Solutes fail to dissolve when:
1) forces between solute particles out-weigh attractions between solute and solvent
2) solvent particles are more attracted to each other than to solute
Examples of Like Dissolves Like
Solvents Solutes
Water (polar) Ni(NO3)2
(ionic)
CH2Cl2 (nonpolar)
I2 (nonpolar)
Solutes dissolve faster when:
Concentration: Relationship between amount of solute contained in a specific amount of solution
Solute particles are small
Solvent is heated
Solution is stirred
Concentration as Percent
Percent: Solution concentration giving the amount of solute in 100 parts of solution
% = part/total x 100
Weight/weight percent: Concentration giving the mass of solute in 100 mass units of solution
%(w/w) = solute mass/solution mass x 100
Example: 12.0%(w/w) sugar solution
12 g sugar per 100 g solution
Weight/volume percent: Concentration giving the grams of solute contained in 100 mL of solution
%(w/v) = grams solute/mL solution x 100
Example: 12.0%(w/v) sugar solution
12 g sugar per 100 mL solution
Molarity: Unit of concentration used with solutions; number of moles of solute per liter of solution
Molarity (M) = moles of solute/liters of solution
Examples: 2 moles of NaCl dissolved in 1 L of water
M = 2 moles/1 L = 2 M
1.5 moles NaCl dissolved in 2 L of water:
M = 1.50 moles/2.00 L = .750 M
Preparing Solutions
Measure proper amount of solute into container, then add solvent to proper volume.
Example: 1 L of 1.50 M CoCl2 Solution
M = moles/Liter M x Liter = moles
1.5 moles/L x 1L = 1.5 moles needed
1.5 moles CoCl2 = 195g CoCl2
1.5 mol CoCl2 x 130 g CoCl2/mol = 195g CoCl2
Place 195 g CoCl2 in a flask. Add water to fill to 1-L mark
Dilute a more concentrated solution with solvent to give a solution of lower concentration.
M1 V1 =M2 V2
Example: Prepare 250 mL of 0.100 M NaCl solution from a 2.00 M NaCl solution.
M1 = molarity of starting solution (in this case 2.00M NaCl)
V1 = volume of starting solution required (always unknown)
M2 = molarity of final solution after dilution (in this case 0.100M NaCl)
V2 = volume of final solution, after dilution (in this case 250ml)
Use M1 V1 = M2 V2 to solve for the unknown variable (V1); this is the amount of the starting solution you need. Add solvent (usually water) to reach the desired total volume (V2).
Prepare 250 mL of 0.100 M NaCl solution from a 2.00 M NaCl solution.
M1 = molarity of starting solution (in this case 2.00M NaCl)

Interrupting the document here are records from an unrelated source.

lemma Xplus_subset_closure_pos_axis_images: "Xplus \<subseteq> closure (pos_axis_images \<sigma>)"
proof -
  have "{0<..} \<times> {0<..} \<subseteq> closure (pos_axis_images \<sigma>)"
  proof (clarify, unfold closure_approachable, intro allI impI)
    fix a b e :: real assume "0 < a" "0 < b" "0 < e"
    then have "0 < max (a / 2) (a - e / 2)" "max (a / 2) (a - e / 2) < a" by auto
    then obtain t where "t \<in> {max (a / 2) (a - e / 2)..a}" "(t, b) \<in> pos_axis_images \<sigma>"
      using pos_axis_images_meet_segment \<open>0 < b\<close> by blast
    moreover from this(1) have "dist (t, b) (a, b) < e"
      using \<open>0 < e\<close> by (simp add: dist_Pair_Pair dist_real_def)
    ultimately show "\<exists>q\<in>pos_axis_images \<sigma>. dist q (a, b) < e" by blast
  qed
  then have "closure ({0<..} \<times> {0<..}) \<subseteq> closure (pos_axis_images \<sigma>)"
    by (metis closure_closure closure_mono)
  moreover have "Xplus \<subseteq> closure ({0<..} \<times> {0<..})"
    by (auto simp: closure_Times Xplus_def)
  ultimately show ?thesis by blast
qed

lemma funpow_Eucl_snd_pos:
  assumes "p \<in> Xplus" "sigma_irrational \<sigma> p"
  shows "0 < snd ((Eucl \<sigma> ^^ n) p)"
proof -
  have "snd ((Eucl \<sigma> ^^ n) p) \<noteq> 0"
    using funpow_Eucl_on_axis pos_axis_images_not_irrational assms by blast
  with funpow_Eucl_Xplus[OF assms(1), of n] show ?thesis by (simp add: Xplus_def less_le)
qed

lemma word_map_replicate_True: "word_map \<sigma> (replicate j True) z = (fst z + real j * g (snd z), snd z)"
  by (induction j arbitrary: z) (auto simp: gen_map_def hs_eq algebra_simps)

text \<open>The orbit of \<open>p\<close> creeps towards the origin; from a point \<open>(x, y)\<close> on it close to the origin,
  iterating \<open>h\<^sub>\<sigma>\<close> moves horizontally in steps \<open>g y\<close> that are as small as we please.\<close>
lemma axis_point_in_closure_word_grand_orbit:
  assumes p: "p \<in> Xplus" "sigma_irrational \<sigma> p" and "0 < s"
  shows "(s, 0) \<in> closure (word_grand_orbit \<sigma> p)"
  unfolding closure_approachable
proof (intro allI impI)
  fix d :: real assume "0 < d"
  define x y where "x n = fst ((Eucl \<sigma> ^^ n) p)" and "y n = snd ((Eucl \<sigma> ^^ n) p)" for n
  have y_pos: "0 < y n" for n using funpow_Eucl_snd_pos[OF p] by (simp add: y_def)
  have "(\<lambda>n. (x n, y n)) \<longlonglongrightarrow> (0, 0)"
    using funpow_Eucl_tendsto_origin[OF p(1)] funpow_Eucl_snd_pos[OF p] by (simp add: x_def y_def)
  then have "x \<longlonglongrightarrow> 0" "y \<longlonglongrightarrow> 0" using tendsto_fst tendsto_snd by fastforce+
  moreover have "isCont g 0" using continuous_on_g by (simp add: continuous_on_eq_continuous_at)
  ultimately have "(\<lambda>n. g (y n)) \<longlonglongrightarrow> 0" using isCont_tendsto_compose[of 0 g] by fastforce
  then have "\<forall>\<^sub>F n in sequentially. x n < s \<and> y n < d / 2 \<and> g (y n) < d / 2"
    using \<open>x \<longlonglongrightarrow> 0\<close> \<open>y \<longlonglongrightarrow> 0\<close> \<open>0 < s\<close> \<open>0 < d\<close> by (auto intro!: eventually_conj order_tendstoD(2))
  then obtain k where k: "x k < s" "y k < d / 2" "g (y k) < d / 2" by (auto simp: eventually_sequentially)
  define c where "c = g (y k)"
  have "0 < c" using y_pos by (simp add: c_def)
  define j where "j = nat \<lfloor>(s - x k) / c\<rfloor>"
  have "real j = of_int \<lfloor>(s - x k) / c\<rfloor>" using k(1) \<open>0 < c\<close> by (simp add: j_def)
  then have "real j \<le> (s - x k) / c" "(s - x k) / c < real j + 1" by linarith+
  then have "\<bar>x k + real j * c - s\<bar> < c" using \<open>0 < c\<close> by (simp add: field_simps abs_if)
  define q where "q = word_map \<sigma> (replicate j True) ((Eucl \<sigma> ^^ k) p)"
  have "q = (x k + real j * c, y k)" by (simp add: q_def word_map_replicate_True x_def y_def c_def)
  then have "dist q (s, 0) \<le> \<bar>x k + real j * c - s\<bar> + \<bar>y k\<bar>"
    by (simp add: dist_Pair_Pair dist_real_def sqrt_sum_squares_le_sum_abs)
  also have "\<dots> < d" using \<open>\<bar>x k + real j * c - s\<bar> < c\<close> k y_pos[of k] by (simp add: c_def)
  finally have "dist q (s, 0) < d" .
  moreover have "q \<in> word_grand_orbit \<sigma> p" unfolding word_grand_orbit_def q_def by blast
  ultimately show "\<exists>q\<in>word_grand_orbit \<sigma> p. dist q (s, 0) < d" by blast
qed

V1 = volume of starting solution required (always unknown)
M2 = molarity of final solution after dilution (in this case 0.100M NaCl)
V2 = volume of final solution, after dilution (in this case 250ml)

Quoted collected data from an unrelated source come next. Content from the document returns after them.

definition minimal_simple :: "('a, 'b) monoid_scheme \<Rightarrow> 'a set \<Rightarrow> 'a \<Rightarrow> 'a \<Rightarrow> 'a \<Rightarrow> 'a \<Rightarrow> bool" where
  "minimal_simple G P \<Delta> X Y s \<longleftrightarrow>
     s \<in> simples G P \<Delta> \<and> s \<noteq> \<one>\<^bsub>G\<^esub> \<and> conj G Y s \<in> USS G P \<Delta> X \<and>
     (\<forall>t. prec G P \<one>\<^bsub>G\<^esub> t \<and> prec G P t s \<and> t \<noteq> \<one>\<^bsub>G\<^esub> \<and> t \<noteq> s
        \<longrightarrow> conj G Y t \<notin> USS G P \<Delta> X)"

fun oriented_path :: "('a, 'b) monoid_scheme \<Rightarrow> 'a set \<Rightarrow> 'a \<Rightarrow> 'a \<Rightarrow> 'a \<Rightarrow> 'a list \<Rightarrow> bool" where
  "oriented_path G P \<Delta> X Y [] \<longleftrightarrow> Y \<in> USS G P \<Delta> X"
| "oriented_path G P \<Delta> X Y (s # ss) \<longleftrightarrow> Y \<in> USS G P \<Delta> X \<and> minimal_simple G P \<Delta> X Y s \<and>
     oriented_path G P \<Delta> X (conj G Y s) ss"

fun black_path :: "('a, 'b) monoid_scheme \<Rightarrow> 'a set \<Rightarrow> 'a \<Rightarrow> 'a \<Rightarrow> 'a list \<Rightarrow> bool" where
  "black_path G P \<Delta> Y [] \<longleftrightarrow> True"
| "black_path G P \<Delta> Y (s # ss) \<longleftrightarrow> prec G P s (iota G P \<Delta> Y) \<and> black_path G P \<Delta> (conj G Y s) ss"

fun grey_path :: "('a, 'b) monoid_scheme \<Rightarrow> 'a set \<Rightarrow> 'a \<Rightarrow> 'a \<Rightarrow> 'a list \<Rightarrow> bool" where
  "grey_path G P \<Delta> Y [] \<longleftrightarrow> True"
| "grey_path G P \<Delta> Y (s # ss) \<longleftrightarrow> prec G P s (iota G P \<Delta> (inv\<^bsub>G\<^esub> Y)) \<and> grey_path G P \<Delta> (conj G Y s) ss"

end

theory Submission
  imports Defs
begin

text \<open>
  Let \<open>s\<close> be an arrow from \<open>Y\<close> and \<open>b\<close> the product of the rest of the path. Both ends of the
  arrow lie in the ultra summit set, so \<open>Y\<^sup>s\<close> has the same infimum \<open>p\<close> and supremum as \<open>Y\<close>,
  and then \<open>(Y\<^sup>s)\<^sup>\<circ> = s\<^sup>-\<^sup>1 Y\<^sup>\<circ> \<tau>\<^sup>-\<^sup>p(s)\<close>. Hence \<open>s b \<preceq> Y\<^sup>\<circ>\<close> gives \<open>b \<preceq> (Y\<^sup>s)\<^sup>\<circ>\<close>, and induction along the
  path leaves a single arrow to check: a nontrivial simple prefix \<open>s\<close> of
  \<open>Y\<^sup>\<circ> = \<tau>\<^sup>-\<^sup>p(x\<^sub>1 \<cdots> x\<^sub>r)\<close> is a prefix of \<open>\<tau>\<^sup>-\<^sup>p(x\<^sub>1) = \<iota>(Y)\<close>, since \<open>x\<^sub>1\<close> is the largest simple prefix
  of \<open>x\<^sub>1 \<cdots> x\<^sub>r\<close>. The grey case is the same argument for \<open>Y\<^sup>-\<^sup>1\<close>, whose infimum \<open>-sup(Y)\<close>
  is constant on the ultra summit set as well.

  The substance lies in the greedy normal form behind \<open>\<iota>\<close>, \<open>inf\<close> and \<open>sup\<close>; in particular
  \<open>inf(Y\<^sup>-\<^sup>1) = -sup(Y)\<close> rests on \<open>x\<^sub>1 \<cdots> x\<^sub>r \<preceq> \<Delta>\<^sup>k \<longleftrightarrow> r \<le> k\<close> for a left normal form \<open>x\<^sub>1 \<cdots> x\<^sub>r\<close>.
\<close>

lemma ex_has_greatest_int:
  fixes Q :: "int \<Rightarrow> bool"
  assumes "Q k" and "\<And>y. Q y \<Longrightarrow> y \<le> b"
  shows "\<exists>x. Q x \<and> (\<forall>y. Q y \<longrightarrow> y \<le> x)"
proof -
  obtain n where n: "Q (k + int n)" "\<And>m. Q (k + int m) \<Longrightarrow> m \<le> n"
    using Nat.ex_has_greatest_nat[where P="\<lambda>m. Q (k + int m)" and k=0 and b="nat (b - k)"] assms
    by fastforce
  have "y \<le> k + int n" if "Q y" for y
  proof (cases "y \<le> k")
    case False
    then have "Q (k + int (nat (y - k)))" using that by simp
    then show ?thesis using n(2) by fastforce
  qed simp
  then show ?thesis using n(1) by blast
qed

lemma GreatestI_int:
  fixes Q :: "int \<Rightarrow> bool"
  assumes "Q k" and "\<And>y. Q y \<Longrightarrow> y \<le> b"
  shows "Q (Greatest Q)"
proof -
  obtain x where "Q x" "\<And>y. Q y \<Longrightarrow> y \<le> x"
    using ex_has_greatest_int assms by blast
  then show "Q (Greatest Q)"
    using GreatestI2_order by blast
qed

lemma list_prod_Nil [simp]: "list_prod G [] = \<one>\<^bsub>G\<^esub>"
  by (simp add: list_prod_def)

lemma list_prod_Cons [simp]: "list_prod G (x # xs) = x \<otimes>\<^bsub>G\<^esub> list_prod G xs"
  by (simp add: list_prod_def)

context group
begin

lemma mult_inv_cancel_left [simp]: "x \<in> carrier G \<Longrightarrow> y \<in> carrier G \<Longrightarrow> x \<otimes> (inv x \<otimes> y) = y"
  by (simp add: m_assoc[symmetric])

lemma inv_mult_cancel_left [simp]: "x \<in> carrier G \<Longrightarrow> y \<in> carrier G \<Longrightarrow> inv x \<otimes> (x \<otimes> y) = y"
  by (simp add: m_assoc[symmetric])

lemma list_prod_closed [simp]: "set xs \<subseteq> carrier G \<Longrightarrow> list_prod G xs \<in> carrier G"
  by (induction xs) auto

lemma list_prod_append:
  "set xs \<subseteq> carrier G \<Longrightarrow> set ys \<subseteq> carrier G \<Longrightarrow> list_prod G (xs @ ys) = list_prod G xs \<otimes> list_prod G ys"
  by (induction xs) (auto simp: m_assoc)

lemma conj_closed [simp]: "x \<in> carrier G \<Longrightarrow> c \<in> carrier G \<Longrightarrow> conj G x c \<in> carrier G"
  by (simp add: conj_def)

lemma conj_one [simp]: "c \<in> carrier G \<Longrightarrow> conj G \<one> c = \<one>"
  by (simp add: conj_def)

lemma conj_by_one [simp]: "x \<in> carrier G \<Longrightarrow> conj G x \<one> = x"
  by (simp add: conj_def)

lemma conj_mult:
  "x \<in> carrier G \<Longrightarrow> y \<in> carrier G \<Longrightarrow> c \<in> carrier G \<Longrightarrow> conj G (x \<otimes> y) c = conj G x c \<otimes> conj G y c"
  by (simp add: conj_def m_assoc)

lemma conj_inv: "x \<in> carrier G \<Longrightarrow> c \<in> carrier G \<Longrightarrow> conj G (inv x) c = inv (conj G x c)"
  by (simp add: conj_def m_assoc inv_mult_group)

lemma conj_conj:
  "x \<in> carrier G \<Longrightarrow> a \<in> carrier G \<Longrightarrow> b \<in> carrier G \<Longrightarrow> conj G (conj G x a) b = conj G x (a \<otimes> b)"
  by (simp add: conj_def m_assoc inv_mult_group)

lemma list_prod_conj:
  "set xs \<subseteq> carrier G \<Longrightarrow> c \<in> carrier G \<Longrightarrow>
    list_prod G (map (\<lambda>x. conj G x c) xs) = conj G (list_prod G xs) c"
  by (induction xs) (auto simp: conj_mult)

end

locale garside_group = group G for G :: "('a, 'b) monoid_scheme" (structure) +
  fixes P :: "'a set" and \<Delta> :: 'a
  assumes garside: "garside G P \<Delta>"
begin

abbreviation prefix_le :: "'a \<Rightarrow> 'a \<Rightarrow> bool" (infix \<open>\<preceq>\<close> 50)
  where "a \<preceq> b \<equiv> prec G P a b"

abbreviation S :: "'a set"
  where "S \<equiv> simples G P \<Delta>"

abbreviation \<tau> :: "int \<Rightarrow> 'a \<Rightarrow> 'a"
  where "\<tau> k x \<equiv> conj G x (\<Delta> [^] k)"

abbreviation complement :: "'a \<Rightarrow> 'a" (\<open>\<partial>\<close>)
  where "\<partial> s \<equiv> inv s \<otimes> \<Delta>"

lemma positive_subset_carrier: "P \<subseteq> carrier G"
  and one_positive [simp]: "\<one> \<in> P"
  and positive_mult: "a \<in> P \<Longrightarrow> b \<in> P \<Longrightarrow> a \<otimes> b \<in> P"
  and positive_antisym: "a \<in> P \<Longrightarrow> inv a \<in> P \<Longrightarrow> a = \<one>"
  and glb_lub_exist: "a \<in> carrier G \<Longrightarrow> b \<in> carrier G \<Longrightarrow> (\<exists>m. is_glb G P a b m) \<and> (\<exists>j. is_lub G P a b j)"
  and Delta_positive: "\<Delta> \<in> P"
  and generate_simples: "generate G S = carrier G"
  and tau_image_positive: "(\<lambda>p. inv \<Delta> \<otimes> p \<otimes> \<Delta>) ` P = P"
  using garside unfolding garside_def by auto

lemma positive_closed [simp]: "p \<in> P \<Longrightarrow> p \<in> carrier G"
  using positive_subset_carrier by blast

lemma Delta_closed [simp]: "\<Delta> \<in> carrier G"
  using Delta_positive by simp

subsection \<open>The prefix order and simple elements\<close>

lemma prefix_iff: "a \<preceq> b \<longleftrightarrow> a \<in> carrier G \<and> b \<in> carrier G \<and> inv a \<otimes> b \<in> P"
  by (simp add: prec_def)

lemma prefix_closed:
  assumes "a \<preceq> b" shows "a \<in> carrier G" and "b \<in> carrier G"
  using assms by (simp_all add: prefix_iff)

lemma prefix_refl: "a \<in> carrier G \<Longrightarrow> a \<preceq> a"
  by (simp add: prefix_iff)

lemma prefix_trans [trans]:
  assumes "a \<preceq> b" and "b \<preceq> c" shows "a \<preceq> c"
proof -
  have "inv a \<otimes> c = (inv a \<otimes> b) \<otimes> (inv b \<otimes> c)"
    using assms by (simp add: prefix_iff m_assoc)
  then show ?thesis
    using assms by (simp add: prefix_iff positive_mult)
qed

lemma prefix_antisym:
  assumes "a \<preceq> b" and "b \<preceq> a" shows "a = b"
proof -
  have "inv (inv a \<otimes> b) = inv b \<otimes> a"
    using assms by (simp add: prefix_iff inv_mult_group)
  then have "inv a \<otimes> b = \<one>"
    using assms positive_antisym by (simp add: prefix_iff)
  then have "a \<otimes> (inv a \<otimes> b) = a"
    using assms by (simp add: prefix_iff)
  then show ?thesis
    using assms by (simp add: prefix_iff)
qed

lemma prefix_mult_left_iff:
  "c \<in> carrier G \<Longrightarrow> a \<in> carrier G \<Longrightarrow> b \<in> carrier G \<Longrightarrow> c \<otimes> a \<preceq> c \<otimes> b \<longleftrightarrow> a \<preceq> b"
  by (simp add: prefix_iff inv_mult_group m_assoc)

lemma prefix_mult_left: "a \<preceq> b \<Longrightarrow> c \<in> carrier G \<Longrightarrow> c \<otimes> a \<preceq> c \<otimes> b"
  using prefix_mult_left_iff prefix_closed by blast

lemma one_prefix_iff [simp]: "\<one> \<preceq> a \<longleftrightarrow> a \<in> P"
  by (auto simp: prefix_iff)

lemma prefix_mult_right: "a \<in> carrier G \<Longrightarrow> p \<in> P \<Longrightarrow> a \<preceq> a \<otimes> p"
  by (simp add: prefix_iff m_assoc[symmetric])

lemma prefixE:
  assumes "a \<preceq> b"
  obtains p where "p \<in> P" and "b = a \<otimes> p"
  using assms by (auto simp: prefix_iff m_assoc[symmetric])

lemma positive_prefix_one: "a \<in> P \<Longrightarrow> a \<preceq> \<one> \<Longrightarrow> a = \<one>"
  using positive_antisym by (simp add: prefix_iff)

lemma tau_tau: "x \<in> carrier G \<Longrightarrow> \<tau> k (\<tau> l x) = \<tau> (l + k) x"
  by (simp add: conj_conj int_pow_mult)

lemma tau_inverse [simp]: "x \<in> carrier G \<Longrightarrow> \<tau> (- k) (\<tau> k x) = x"
  by (simp add: tau_tau)

lemma tau_positive:
  assumes "p \<in> P" shows "\<tau> k p \<in> P"
proof -
  have forward: "\<tau> 1 q \<in> P" if "q \<in> P" for q
    using that tau_image_positive by (auto simp: conj_def)
  have backward: "\<tau> (- 1) q \<in> P" if "q \<in> P" for q
  proof -
    obtain r where "r \<in> P" "q = \<tau> 1 r"
      using \<open>q \<in> P\<close> tau_image_positive by (auto simp: conj_def)
    then show ?thesis
      using tau_inverse[of r 1] by simp
  qed
  show ?thesis
  proof (induction k rule: int_induct[where k = 0])
    case (step1 i)
    then show ?case
      using forward[of "\<tau> i p"] assms by (simp add: conj_conj int_pow_mult)
  next
    case (step2 i)
    then show ?case
      using backward[of "\<tau> i p"] assms by (simp add: conj_conj int_pow_diff int_pow_neg)
  qed (use assms in simp)
qed

lemma tau_Delta [simp]: "\<tau> k \<Delta> = \<Delta>"
proof -
  have "\<Delta> \<otimes> \<Delta> [^] k = \<Delta> [^] k \<otimes> \<Delta>"
    using int_pow_mult[of \<Delta> 1 k] int_pow_mult[of \<Delta> k 1] by (simp add: add.commute)
  then show ?thesis
    by (simp add: conj_def m_assoc)
qed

Answer: Prepare solution by adding 0.0125 L of 2.0 M NaCl to flask and adding water up to 250 mL mark.
Osmotic Pressure
Osmosis: Movement of water through a semipermeable membrane, from more dilute solution towards more concentrated solution
Osmotic pressure: amount of pressure required to stop flow of water due to osmosis
Isotonic solutions: solutions with identical osmotic pressure; no urge for water to flow
4% starch
10% starch
H2O
Example:
During osmosis, water flows across the semi-permeable membrane from the 4% starch solution into the 10% solution.
Eventually, the flow of water across the semi-
permeable membrane becomes equal in both directions.
7% starch
7% starch
H2O
Hypotonic solution: the more dilute of 2 solutions separated by a semipermeable membrane; water leaves this solution and flows across membrane to the more concentrated solution
Hypertonic solutions: the more concentrated of 2 solutions separated by a semipermeable membrane; water enters this solution, moving across the membrane from the more dilute solution
Crenate Burst No Change
(hypertonic) (hypotonic) (isotonic)
Practice with Molarity
Calculate the molarity of 1.50 L of solution containing 0.294 moles of solute
Calculate the molarity of 500 mL of solution containing 0.304 moles of solute
Calculate the molarity of a 100 mL solution containing 4 g of NaOH.
How would you make 100 mL of 0.25 M Na2SO4 solution?
How would you prepare 5 L of 6 M H2SO4 from 18 M H2SO4 solution?